Antiquated site designs
Some older job boards still run on legacy web technology, leading to complex and inconsistent site layouts. Scrapers must contain robust logic to extract data from diverse templates.
Given the commercially sensitive nature of job listing data, scrapers should tread carefully and obtain a site‘s consent before aggressively harvesting production data.
By understanding these challenges, we can design robust scrapers that harvest job postings in a safe, sustainable and ethical manner.
Scraping Tools & Techniques for Job Sites
For large scale scraping, Scrapy provides a purpose-built high-performance framework.

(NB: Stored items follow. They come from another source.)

lemma transpose_schur_compl:
  assumes M: "M \<in> carrier_mat (Suc n) (Suc n)" and sym: "transpose_mat M = M"
  shows "transpose_mat (schur_compl M) = schur_compl M"
proof (rule eq_matI)
  fix i j assume "i < dim_row (schur_compl M)" "j < dim_col (schur_compl M)"
  then have ij: "i < n" "j < n" using schur_compl_carrier[OF M] by auto
  have "M $$ (Suc j, Suc i) = M $$ (Suc i, Suc j)" "M $$ (Suc j, 0) = M $$ (0, Suc j)"
    "M $$ (0, Suc i) = M $$ (Suc i, 0)"
    using ij M by (auto intro!: symmetric_mat_index[OF sym])
  then show "transpose_mat (schur_compl M) $$ (i, j) = schur_compl M $$ (i, j)"
    using ij M by (simp add: schur_compl_index schur_compl_carrier[OF M, THEN carrier_matD(1)]
        schur_compl_carrier[OF M, THEN carrier_matD(2)])
qed (use schur_compl_carrier[OF M] in auto)

text \<open>Eliminating the first column by row operations leaves the Schur complement
  below the pivot.\<close>
lemma det_schur_compl:
  fixes M :: "'a::field mat"
  assumes M: "M \<in> carrier_mat (Suc n) (Suc n)" and a: "M $$ (0, 0) \<noteq> 0"
  shows "det M = M $$ (0, 0) * det (schur_compl M)"
proof -
  let ?a = "M $$ (0, 0)"
  define E :: "'a mat" where "E = mat (Suc n) (Suc n)
    (\<lambda>(i, j). if i = j then 1 else if j = 0 then - M $$ (i, 0) / ?a else 0)"
  have E: "E \<in> carrier_mat (Suc n) (Suc n)" unfolding E_def by auto
  have det_E: "det E = 1"
  proof -
    have "det E = prod_list (diag_mat E)"
      by (rule det_lower_triangular[OF _ E]) (auto simp: E_def)
    also have "\<dots> = 1"
      unfolding prod_list_diag_prod using E by (auto simp: E_def intro!: prod.neutral)
    finally show ?thesis .
  qed
  define N where "N = E * M"
  have N: "N \<in> carrier_mat (Suc n) (Suc n)" unfolding N_def using E M by auto
  have N_index: "N $$ (i, j) =
      (if i = 0 then M $$ (0, j) else M $$ (i, j) - M $$ (i, 0) / ?a * M $$ (0, j))"
    if "i < Suc n" "j < Suc n" for i j
  proof -
    have "N $$ (i, j) = (\<Sum>k<Suc n. E $$ (i, k) * M $$ (k, j))"
      unfolding N_def using that E M by (auto simp: scalar_prod_def atLeast0LessThan)
    also have "\<dots> = (\<Sum>k<Suc n. (if k = i then M $$ (i, j) else 0)
        + (if k = 0 \<and> i \<noteq> 0 then - M $$ (i, 0) / ?a * M $$ (0, j) else 0))"
      by (rule sum.cong) (use that in \<open>auto simp: E_def\<close>)
    finally show ?thesis using that by (simp add: sum.distrib)
  qed
  have "det M = det N"
    unfolding N_def det_mult[OF E M] det_E by simp
  also have "\<dots> = (\<Sum>i<Suc n. N $$ (i, 0) * cofactor N i 0)"
    by (rule laplace_expansion_column[OF N]) simp
  also have "\<dots> = ?a * cofactor N 0 0"
    by (subst sum.lessThan_Suc_shift) (simp add: N_index a)
  also have "cofactor N 0 0 = det (schur_compl M)"
  proof -
    have "mat_delete N 0 0 = schur_compl M"
      unfolding mat_delete_def schur_compl_def using N M by (auto simp: N_index)
    then show ?thesis unfolding cofactor_def by simp
  qed
  finally show ?thesis .
qed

Mozilla Puppeteer is another excellent browser automation library like Selenium.
Here is some sample Python code using Selenium to scrape job postings from a site like Monster:
from selenium import webdriver from selenium.webdriver.common.by import By from selenium.webdriver.support.ui import WebDriverWait from selenium.webdriver.common.keys import Keys driver = webdriver.Firefox() driver.get("https://www.monster.com/jobs/search/?q=Software-Developer") WebDriverWait(driver, 20).until(EC.element_to_be_clickable((By.CSS_SELECTOR, ".title"))).click() job_title = driver.find_element(By.CLASS_NAME, ‘jobtitle‘).text company = driver.find_element(By.CSS_SELECTOR, ‘#JobViewHeader > div.company‘).text location = driver.find_element(By.CSS_SELECTOR, ‘#JobViewHeader > div.location‘).text print(job_title, company, location) # Close browser driver.quit()
Proxies are essential for distributing requests across multiple IPs and avoiding blocks. Multithreading speeds up scraping by allowing concurrent requests.
Storing and Processing Job Data
Given the huge volumes, scraped job postings should be stored in a NoSQL database like MongoDB or PostgreSQL for structured relational data.
Key fields like job title, company, location, description and skills should be extracted and normalized from semi-structured HTML.
Analyze with Python Pandas to find regional or industry-specific trends in salaries, skills and qualifications. The freely available job listings data can reveal competitive insights.
Sample analysis of top required skills by industry
Ethical Guidelines for Scraping Job Sites
There are a few rules of thumb to bear in mind when scraping job listings ethically:
- Obey robots.txt restrictions on crawling pages
- Use throttling and delays to avoid overloading target sites
- Randomize user agent strings and other headers to mimic organic traffic
- Frequently rotate proxies and IP addresses, distributing requests
- Only collect required data. Anonymize any personal information
- Never use fake accounts, credentials or session cookies
It‘s also prudent to directly engage the job site and determine if they permit scraping for commercial use before aggressively harvesting data. With great data comes great responsibility!
Ensuring GDPR Compliance
The EU General Data Protection Regulation (GDPR) may apply when scraping personal data of EU citizens. GDPR requires anonymizing and protecting scraped user data.
IP addresses and other identifiers must be removed. Only collect necessary data like job titles and locations. Proxies are useful for hiding scraper identities.
Scraping the abundant information in online job postings can yield transformative business and competitive insights. But overcoming the unique challenges posed by massive job sites requires following sound technical and ethical practices.
This guide provided actionable recommendations on tools, techniques and mindsets for successfully extracting job posting data at scale.
The payoff for getting web scraping right is huge – everything from supercharging recruitment platforms to predicting future labor market shifts lies buried in the world‘s job data.